= 1935 All-SEC football team =

American college football all-star team

The 1935 All-SEC football team consists of American football players selected to the All-Southeastern Conference (SEC) chosen by various selectors for the 1935 college football season. The LSU Tigers won the conference, posting an undefeated conference record.

==All-SEC selections==

===Ends===
- Willie Geny, Vanderbilt (AP-1, AU-1)
- Gaynell Tinsley, LSU (College Football Hall of Fame) (AP-1, AU-1)
- Gene Rose, Tennessee (AP-2, AU-1)
- Chuck Gelatka, Miss. St. (AP-2, AU-1)
- Bear Bryant, Alabama (College Football Hall of Fame) (AP-3)
- Warren Barrett, LSU (AP-3)

===Tackles===
- Jim Whatley, Alabama (AP-1, AU-1)
- Haygood Paterson, Auburn (AP-1, AU-1)
- Justin Rukas, LSU (AP-2, AU-2)
- Sterling Richardson, Ole Miss (AP-2)
- Lefty Eubanks, Georgia Tech (AU-2)
- Stanley Nevers, Kentucky (AP-3)
- Ranny Throgmorton, Vanderbilt (AP-3)

===Guards===
- Frank Johnson, Georgia (AP-1)
- Middleton Fitzsimmons, Georgia Tech (AP-1)
- Frank Gantt, Auburn (AP-2, AU-1)
- Osborn Helveston, LSU (AU-1)
- Art White, Alabama (AP-3, AU-2)
- Samuel Brown, Vanderbilt (AP-2)
- Leroy Moorehead, Georgia (AU-2)
- William Stone, Miss.
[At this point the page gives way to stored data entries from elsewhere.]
lemma nn_integral_lp_norm_ge:
  fixes a :: "nat \<Rightarrow> real"
  assumes "1 < q" and "q < p" and "0 < lq_norm q n a"
  shows "ennreal ((1 - exp (- min 1 (q - 1))) * lq_norm q n a)
    \<le> (\<integral>\<^sup>+ \<omega>. ennreal ((\<Sum>j<n. \<bar>a j * \<omega> j\<bar> powr p) powr (1 / p)) \<partial>PiM {..<n} (\<lambda>_. dens_measure q))"
proof -
  let ?P = "PiM {..<n} (\<lambda>_. dens_measure q)"
  let ?Y = "\<lambda>\<omega>. (\<Sum>j<n. \<bar>a j * \<omega> j\<bar> powr p) powr (1 / p)"
  define l where "l = lq_norm q n a"
  define E where "E = {\<omega> \<in> space ?P. l \<le> ?Y \<omega>}"
  define F where "F = PiE {..<n} (\<lambda>j. {x. \<bar>a j * x\<bar> < l})"
  interpret P: prob_space ?P
    by (intro prob_space_PiM prob_space_dens_measure assms(1))
  have "0 < l" using assms(3) by (simp add: l_def)
  have E_sets: "E \<in> sets ?P" unfolding E_def by measurable
  have F_sets: "F \<in> sets ?P" unfolding F_def by (intro sets_PiM_I_finite) auto
  have "space ?P - F \<subseteq> E"
  proof
    fix \<omega> assume \<omega>: "\<omega> \<in> space ?P - F"
    then obtain j where "j < n" and "l \<le> \<bar>a j * \<omega> j\<bar>"
      by (auto simp: F_def space_PiM PiE_iff not_less)
    moreover have "\<bar>a j * \<omega> j\<bar> \<le> ?Y \<omega>"
      using \<open>j < n\<close> assms(1,2) by (intro abs_le_sum_powr_root) auto
    ultimately show "\<omega> \<in> E" using \<omega> by (simp add: E_def)
  qed
  then have "1 - measure ?P F \<le> measure ?P E"
    using P.prob_compl[OF F_sets] E_sets by (metis P.finite_measure_mono)
  moreover have "measure ?P F \<le> exp (- min 1 (q - 1))"
    using measure_PiM_coords_below_lq_norm_le[OF assms(1,3)] by (simp add: F_def l_def)
  ultimately have "1 - exp (- min 1 (q - 1)) \<le> measure ?P E" by linarith
  then have "ennreal ((1 - exp (- min 1 (q - 1))) * l) \<le> ennreal l * emeasure ?P E"
    using \<open>0 < l\<close> by (simp add: P.emeasure_eq_measure mult.commute flip: ennreal_mult)
  also have "\<dots> = (\<integral>\<^sup>+ \<omega>. ennreal l * indicator E \<omega> \<partial>?P)"
    using E_sets by (simp add: nn_integral_cmult_indicator)
  also have "\<dots> \<le> (\<integral>\<^sup>+ \<omega>. ennreal (?Y \<omega>) \<partial>?P)"
    by (intro nn_integral_mono) (auto simp: E_def split: split_indicator)
  finally show ?thesis by (simp add: l_def)
qed

lemma lp_norm_expectation_bounds:
  fixes a :: "nat \<Rightarrow> real" and n :: nat
  assumes "1 < q" and "q < p"
  defines "Y \<equiv> \<lambda>\<omega>. (\<Sum>j<n. \<bar>a j * \<omega> j\<bar> powr p) powr (1 / p)"
  shows "(1 - exp (- min 1 (q - 1))) * lq_norm q n a \<le> (\<integral>\<omega>. Y \<omega> \<partial>PiM {..<n} (\<lambda>_. dens_measure q))
    \<and> (\<integral>\<omega>. Y \<omega> \<partial>PiM {..<n} (\<lambda>_. dens_measure q)) \<le> (1 + (q * (q - 1) / (p - q) + q)) * lq_norm q n a"
proof (cases "lq_norm q n a = 0")
  case True
  then have "a j = 0" if "j < n" for j
    using abs_le_lq_norm[of q j n a] that assms(1) by simp
  then show ?thesis using True by (simp add: Y_def)
next
  case False
  let ?P = "PiM {..<n} (\<lambda>_. dens_measure q)"
  let ?c = "1 - exp (- min 1 (q - 1))" and ?C = "1 + (q * (q - 1) / (p - q) + q)"
  define N where "N = (\<integral>\<^sup>+ \<omega>. ennreal (Y \<omega>) \<partial>?P)"
  have "0 < lq_norm q n a" using False by (simp add: lq_norm_def)
  then have lower: "ennreal (?c * lq_norm q n a) \<le> N" and upper: "N \<le> ennreal (?C * lq_norm q n a)"
    using nn_integral_lp_norm_ge nn_integral_lp_norm_le assms by (simp_all add: N_def Y_def)
  have "(\<integral>\<omega>. Y \<omega> \<partial>?P) = enn2real N"
    unfolding N_def by (rule integral_eq_nn_integral) (auto simp: Y_def)
  moreover have "?c * lq_norm q n a \<le> enn2real N"
    using enn2real_mono[OF lower] upper \<open>0 < lq_norm q n a\<close> assms(1)
    by (simp add: top.not_eq_extremum order.strict_trans1)
  moreover have "enn2real N \<le> ?C * lq_norm q n a"
    using enn2real_mono[OF upper] \<open>0 < lq_norm q n a\<close> assms by (simp add: add_pos_pos)
  ultimately show ?thesis by simp
qed

theorem lemma4p1:
  fixes p q :: real
  assumes "1 < q" and "q < p"
  shows "(\<forall>x. 0 \<le> dens q x) \<and> dens q \<in> borel_measurable borel \<and>
         (\<integral>\<^sup>+ x. ennreal (dens q x) \<partial>lborel) = 1 \<and>
         (\<exists>c C. 0 < c \<and> 0 < C \<and>
            (\<forall>(n::nat) (a::nat \<Rightarrow> real).
               c * lq_norm q n a
                 \<le> (\<integral>\<omega>. (\<Sum>j<n. \<bar>a j * \<omega> j\<bar> powr p) powr (1 / p)
                       \<partial>(PiM {..<n} (\<lambda>_. density lborel (dens q)))) \<and>
               (\<integral>\<omega>. (\<Sum>j<n. \<bar>a j * \<omega> j\<bar> powr p) powr (1 / p)
                       \<partial>(PiM {..<n} (\<lambda>_. density lborel (dens q))))
                 \<le> C * lq_norm q n a))"
proof -
  have "0 < 1 - exp (- min 1 (q - 1))" and "0 < 1 + (q * (q - 1) / (p - q) + q)"
    using assms by (simp_all add: add_pos_pos)
  then show ?thesis
    using dens_nonneg[OF assms(1)] nn_integral_dens_eq_1[OF assms(1)] lp_norm_expectation_bounds[OF assms]
    by (intro conjI allI exI[of _ "1 - exp (- min 1 (q - 1))"] exI[of _ "1 + (q * (q - 1) / (p - q) + q)"]) auto
qed

end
St. (AP-3)

===Centers===
- Walter Gilbert, Auburn (College Football Hall of Fame) (AP-1, AU-1)
- Kavanaugh Francis, Alabama (AP-2, AU-2)
- Marvin Stewart, LSU (AP-3)

===Quarterbacks===
- Riley Smith, Alabama (College Football Hall of Fame) (AP-1, AU-1)
- Rand Dixon, Vanderbilt (AP-2, AU-2)
- Barney Mintz, Tulane (AP-3)

===Halfbacks===
- Ike Pickle, Miss. St. (AP-1, AU-1)
- Jesse Fatherree, LSU (AP-1, AU-1)
- Ray Hapes, Ole Miss (AP-3, AU-1 [as fb])
- Robert Davis, Kentucky (AP-2, AU-2)
- Rad Rodgers, Ole Miss (AP-2)
- John Bond, Georgia (AU-2)
- Billy Chase, Florida (AP-3)

===Fullbacks===
- Bill Crass, LSU (AP-1, AU-2)
- Abe Mickal, LSU (College Football Hall of Fame) (AP-2)
- Dutch Konemann, Georgia Tech (AP-3)

==Key==
AP = compiled by the Associated Press from coaches and sportswriters.

AU = selected by The Plainsmen, Auburn's semi weekly paper.